Among the entries, which lines carry the string "Inter"? Copy each of them.

++++++++++

lemma graph_topology_open_meets_dense_sequence:
  fixes X :: "'a topology" and U :: "nat \<Rightarrow> ('a \<times> real) set set"
  assumes U_open: "\<And>n. openin (graph_topology X) (U n)"
    and U_dense: "\<And>n. graph_topology X closure_of U n = topspace (graph_topology X)"
    and W_open: "openin (graph_topology X) W" and W_ne: "W \<noteq> {}"
  shows "W \<inter> (\<Inter>n. U n) \<noteq> {}"
proof -
  define V where "V n = (case n of 0 \<Rightarrow> W | Suc k \<Rightarrow> U k)" for n
  define admissible where "admissible n fG \<longleftrightarrow> continuous_map X euclideanreal (fst fG)
      \<and> openin (PX X) (snd fG) \<and> (\<forall>x\<in>topspace X. (x, fst fG x) \<in> snd fG) \<and> FG X (snd fG) \<subseteq> V n"
    for n and fG :: "('a \<Rightarrow> real) \<times> ('a \<times> real) set"
  define refines where "refines n fG fG' \<longleftrightarrow> snd fG' \<subseteq> snd fG
      \<and> (\<forall>x y. (x, y) \<in> snd fG' \<longrightarrow> \<bar>y - fst fG x\<bar> < (1/2) ^ n)
      \<and> (\<forall>x ys c. (\<forall>m. (x, ys m) \<in> snd fG') \<longrightarrow> ys \<longlonglongrightarrow> c \<longrightarrow> (x, c) \<in> snd fG)"
    for n and fG fG' :: "('a \<Rightarrow> real) \<times> ('a \<times> real) set"
  have start: "\<exists>fG. admissible 0 fG"
  proof -
    obtain f G where "continuous_map X euclideanreal f" "openin (PX X) G"
      "\<forall>x\<in>topspace X. (x, f x) \<in> G" "FG X G \<subseteq> W"
      using graph_topology_nonempty_openE[OF W_open W_ne] by metis
    then have "admissible 0 (f, G)" by (simp add: admissible_def V_def)
    then show ?thesis ..
  qed
  have step: "\<exists>fG'. admissible (Suc n) fG' \<and> refines n fG fG'" if adm: "admissible n fG" for n fG
  proof -
    have fG: "continuous_map X euclideanreal (fst fG)" "openin (PX X) (snd fG)"
      "\<forall>x\<in>topspace X. (x, fst fG x) \<in> snd fG"
      using adm by (simp_all add: admissible_def)
    have pos: "(0::real) < (1/2) ^ n" by simp
    obtain f' G' where "continuous_map X euclideanreal f'" "openin (PX X) G'"
      "\<forall>x\<in>topspace X. (x, f' x) \<in> G'" "FG X G' \<subseteq> U n" "G' \<subseteq> snd fG"
      "\<forall>x y. (x, y) \<in> G' \<longrightarrow> \<bar>y - fst fG x\<bar> < (1/2) ^ n"
      "\<forall>x ys c. (\<forall>m. (x, ys m) \<in> G') \<longrightarrow> ys \<longlonglongrightarrow> c \<longrightarrow> (x, c) \<in> snd fG"
      by (rule refinement_step[OF U_open U_dense fG pos])
    then have "admissible (Suc n) (f', G') \<and> refines n fG (f', G')"
      by (simp add: admissible_def refines_def V_def)
    then show ?thesis ..
  qed
  obtain s where s: "\<And>n. admissible n (s n) \<and> refines n (s n) (s (Suc n))"
    using dependent_nat_choice[of admissible refines, OF start step] by blast
  obtain g where g: "continuous_map X euclideanreal g"
    and graph_g: "\<And>n x. x \<in> topspace X \<Longrightarrow> (x, g x) \<in> snd (s n)"
  proof (rule nested_graph_neighbourhoods_limit[of X "\<lambda>n. fst (s n)" "\<lambda>n. snd (s n)" "\<lambda>n. (1/2) ^ n"])
    show "(\<lambda>n. (1/2::real) ^ n) \<longlonglongrightarrow> 0" by (rule LIMSEQ_realpow_zero) simp_all
  qed (use s in \<open>auto simp: admissible_def refines_def\<close>)
  have "graph_on X g \<in> V n" for n
    using s[of n] graph_on_in_FG[OF g] graph_g by (auto simp: admissible_def)
  then have "graph_on X g \<in> W \<inter> (\<Inter>n. U n)"
    using V_def by (metis IntI INT_I old.nat.simps(4,5))
  then show ?thesis by blast
qed

theorem proposition2p3:
  fixes X :: "'a topology"
  shows "baire_space (graph_topology X)"
  by (rule baire_space_sequenceI, rule graph_topology_open_meets_dense_sequence)

end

++++++++++

■ Written response:
  shows "W \<inter> (\<Inter>n. U n) \<noteq> {}"
  then have "graph_on X g \<in> W \<inter> (\<Inter>n. U n)"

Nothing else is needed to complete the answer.